The issue of affirmative action may soon find itself again before the Supreme Court of the United States.

university of texas-austin

Court watchers will remember that it was just recently (a little more than a year ago) that the Court took up the issue, in the case of Fisher v. University of Texas at Austin. Despite what some may have been looking for in a broad, sweeping denunciation or approval of using race-based factors in college admissions, the Court decided to remand, or send the issue back down to the circuit court so that the case could be “considered and judged under a correct analysis.”

And the deliberations of the United States Court of Appeals for the Fifth Circuit have just come to an end.

In a lengthy, 41-page opinion, the majority composed of Patrick Higginbotham and Carolyn King, rendered an interesting (and for the non-lawyerly classes, mightily tiresome) reading.

At its essence, the 2-judge majority rejected the challenge by Fisher, upholding the University’s admissions regimen. The Court found that “to deny UT Austin its limited use of race in its search for holistic diversity would hobble the richness of the educational experience” at the flagship institution.

The Fifth Circuit concluded that “universities may use race as part of a holistic admissions program where it cannot otherwise achieve diversity. This interest is compelled by the reality that university education is more the shaping of lives than the filling of heads with facts – the classic assertion of the humanities.”

Indeed, the majority reaffirmed Justice Kennedy’s sentiments in the Fisher case: “Attainment of a diverse student body … serves values beyond race alone, including enhanced classroom dialogue and the lessening of racial isolation.”

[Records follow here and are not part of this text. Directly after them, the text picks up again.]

(* Let $\epsilon\in(0,1/3)$ and let $A\in\mathbb{C}^{\ell\times\ell}$ be a matrix with nonnegative entries such that $A_{0,0}=1-\epsilon$ and $\sum_{i,j}A_{i,j}=1$. Then $A$ has a unique eigenvalue $\mu$ (of algebraic multiplicity one) satisfying $$|\mu-A_{0,0}|\le\frac{\epsilon^2}{1-2\epsilon},$$ and every other eigenvalue $\lambda$ of $A$ satisfies $|\lambda|\le\epsilon$. In particular, $\mu$ is the unique eigenvalue of maximal modulus and $\mu=A_{0,0}+O(\epsilon^2)$.
   Context: Rows and columns of $A$ are indexed by $0,\dots,\ell-1$. *)

theory Defs
  imports "Jordan_Normal_Form.Char_Poly"
begin

end

(* Let a = A(0,0) = 1 - \<epsilon> and let p, q, s be the masses of row 0 without a, of column 0
   without a, and of the remaining block, so p + q + s = \<epsilon>. For an eigenvector v with
   eigenvalue \<lambda> the tail T = \<Sum>_{i>0} |v_i| satisfies |\<lambda>| T \<le> q |v_0| + s T and
   |\<lambda> - a| |v_0| \<le> p T. If |\<lambda>| > \<epsilon> this forces v_0 \<noteq> 0 and |\<lambda> - a| (|\<lambda>| - s) \<le> p q,
   which gives |\<lambda> - a| \<le> \<epsilon>^2/(1 - 2\<epsilon>). The same estimates for a left eigenvector u of a
   second eigenvalue of modulus > \<epsilon> show that the heads dominate the tails in u \<bullet> v, so
   u \<bullet> v \<noteq> 0; this gives uniqueness, and simplicity because an eigenvector in the image of
   A - \<lambda> is orthogonal to every left eigenvector of \<lambda>. Finally such an eigenvalue exists:
   the spectral radius is at least a = 1 - \<epsilon> > \<epsilon>, as the diagonal entries of the powers of
   a nonnegative matrix grow at least like a^k. *)

theory Submission
  imports Defs "Jordan_Normal_Form.Spectral_Radius" "Jordan_Normal_Form.Jordan_Normal_Form_Uniqueness"
begin

hide_const (open) Coset.order

lemma kernel_dim_le_1:
  fixes K :: "'a :: field mat"
  assumes K: "K \<in> carrier_mat n n" and v: "v \<in> mat_kernel K"
    and multiples: "\<And>x. x \<in> mat_kernel K \<Longrightarrow> \<exists>c. x = c \<cdot>\<^sub>v v"
  shows "kernel_dim K \<le> 1"
proof -
  interpret KK: kernel n n K by unfold_locales (rule K)
  have "KK.span {v} = mat_kernel K"
  proof
    show "KK.span {v} \<subseteq> mat_kernel K"
      using KK.Ker.span_is_subset2[of "{v}"] v by auto
    have sub: "submodule class_ring (KK.span {v}) KK.VK"
      by (rule KK.Ker.span_is_submodule) (use v in auto)
    have "v \<in> KK.span {v}" using KK.Ker.in_own_span[of "{v}"] v by auto
    then show "mat_kernel K \<subseteq> KK.span {v}"
      using multiples submodule.smult_closed[OF sub] by fastforce
  qed
  then have "KK.dim \<le> 1" by (intro KK.Ker.dim_le1I) (use v in auto)
  then show ?thesis by simp
qed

The trend (since the famous Grutter decision) in cases that have made their way through the federal pipeline up to the Supreme Court is that a court’s judicial calculus should be largely deferential to the university’s expertise in trying to enrich the collegiate environment.

This type of respect for the university may be well-justified; after all, no judge is trained to evaluate the efficacy of an admissions program, but an appeal to the entire Fifth Circuit en banc, or to the Supreme Court itself will shed light on whether the Fifth Circuit arrived at the right conclusion.